**ACTION ITEM:** Using the records below, repeat exactly the lines from the one holding "xs ys \<longleftrightarrow>" through the one holding "half of Q_d", both ends included, and no others.

--- START ---

(* For every $d\ge 2$, $\mu(Q_d)\le 2\,\mu(Q_{d-1})$.
   Context: $Q_d$ is the hypercube with vertex set $\{0,1\}^d$, two vertices adjacent iff their strings differ in exactly one bit. For a connected graph $G$ and $X\subseteq V(G)$, two vertices $x,y$ are $X$-visible if some shortest $x,y$-path has no internal vertex in $X$. $X$ is a mutual-visibility set if every two vertices of $X$ are $X$-visible; $\mu(G)$ is the maximum cardinality of a mutual-visibility set of $G$. *)

theory Defs
  imports Main
begin

definition is_walk :: "'a set \<Rightarrow> ('a \<Rightarrow> 'a \<Rightarrow> bool) \<Rightarrow> 'a list \<Rightarrow> bool" where
  "is_walk V E p \<longleftrightarrow> p \<noteq> [] \<and> set p \<subseteq> V \<and> (\<forall>i. Suc i < length p \<longrightarrow> E (p ! i) (p ! Suc i))"

definition walk_between :: "'a set \<Rightarrow> ('a \<Rightarrow> 'a \<Rightarrow> bool) \<Rightarrow> 'a \<Rightarrow> 'a \<Rightarrow> 'a list \<Rightarrow> bool" where
  "walk_between V E x y p \<longleftrightarrow> is_walk V E p \<and> hd p = x \<and> last p = y"

definition gdist :: "'a set \<Rightarrow> ('a \<Rightarrow> 'a \<Rightarrow> bool) \<Rightarrow> 'a \<Rightarrow> 'a \<Rightarrow> nat" where
  "gdist V E x y = (LEAST n. \<exists>p. walk_between V E x y p \<and> length p = Suc n)"

definition shortest_path :: "'a set \<Rightarrow> ('a \<Rightarrow> 'a \<Rightarrow> bool) \<Rightarrow> 'a \<Rightarrow> 'a \<Rightarrow> 'a list \<Rightarrow> bool" where
  "shortest_path V E x y p \<longleftrightarrow> walk_between V E x y p \<and> length p = Suc (gdist V E x y)"

definition visible :: "'a set \<Rightarrow> ('a \<Rightarrow> 'a \<Rightarrow> bool) \<Rightarrow> 'a set \<Rightarrow> 'a \<Rightarrow> 'a \<Rightarrow> bool" where
  "visible V E X x y \<longleftrightarrow> (\<exists>p. shortest_path V E x y p \<and> set (butlast (tl p)) \<inter> X = {})"

definition mutual_visibility_set :: "'a set \<Rightarrow> ('a \<Rightarrow> 'a \<Rightarrow> bool) \<Rightarrow> 'a set \<Rightarrow> bool" where
  "mutual_visibility_set V E X \<longleftrightarrow> X \<subseteq> V \<and> (\<forall>x\<in>X. \<forall>y\<in>X. visible V E X x y)"

definition mu :: "'a set \<Rightarrow> ('a \<Rightarrow> 'a \<Rightarrow> bool) \<Rightarrow> nat" where
  "mu V E = Max (card ` {X. mutual_visibility_set V E X})"

definition hypercube_vertices :: "nat \<Rightarrow> bool list set" where
  "hypercube_vertices d = {xs. length xs = d}"

definition hypercube_adj :: "bool list \<Rightarrow> bool list \<Rightarrow> bool" where
  "hypercube_adj xs ys \<longleftrightarrow> length xs = length ys \<and> card {i. i < length xs \<and> xs ! i \<noteq> ys ! i} = 1"

definition mu_hypercube :: "nat \<Rightarrow> nat" where
  "mu_hypercube d = mu (hypercube_vertices d) hypercube_adj"

end

theory Submission
  imports Defs
begin

text \<open>The graph distance of Q_d is the Hamming distance. If x and y agree in the first bit, then
  every vertex u on a shortest x,y-path satisfies h(x,u) + h(u,y) = h(x,y), which forces u to
  agree with x and y in that bit as well. Hence shortest paths between two vertices of the same
  half of Q_d stay in that half, and deleting the first bit maps them to shortest paths of
  Q_{d-1}. So each half of a mutual-visibility set of Q_d becomes, after deleting the first
  bit, a mutual-visibility set of Q_{d-1} of the same size, and the two halves give the bound.\<close>

lemma is_walk_Cons:
  "is_walk V E (x # p) \<longleftrightarrow> x \<in> V \<and> (p = [] \<or> E x (hd p) \<and> is_walk V E p)"
proof (cases p)
  case (Cons y q)
  have "(\<forall>i. Suc i < length (x # p) \<longrightarrow> E ((x # p) ! i) ((x # p) ! Suc i)) \<longleftrightarrow>
        E x y \<and> (\<forall>i. Suc i < length p \<longrightarrow> E (p ! i) (p ! Suc i))"
    using Cons by (auto simp: All_less_Suc2 simp del: nth_Cons_Suc)
  then show ?thesis
    using Cons by (auto simp: is_walk_def)
qed (simp add: is_walk_def)

lemma is_walk_append_split:
  "is_walk V E (a @ v # b) \<Longrightarrow> is_walk V E (a @ [v]) \<and> is_walk V E (v # b)"
proof (induction a)
  case (Cons x a)
  then show ?case
    by (cases a) (auto simp: is_walk_Cons)
qed (simp add: is_walk_Cons)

--- END ---

**RESULT OF THIS EXERCISE:**
  "hypercube_adj xs ys \<longleftrightarrow> length xs = length ys \<and> card {i. i < length xs \<and> xs ! i \<noteq> ys ! i} = 1"

definition mu_hypercube :: "nat \<Rightarrow> nat" where
  "mu_hypercube d = mu (hypercube_vertices d) hypercube_adj"

end

theory Submission
  imports Defs
begin

text \<open>The graph distance of Q_d is the Hamming distance. If x and y agree in the first bit, then
  every vertex u on a shortest x,y-path satisfies h(x,u) + h(u,y) = h(x,y), which forces u to
  agree with x and y in that bit as well. Hence shortest paths between two vertices of the same
  half of Q_d stay in that half, and deleting the first bit maps them to shortest paths of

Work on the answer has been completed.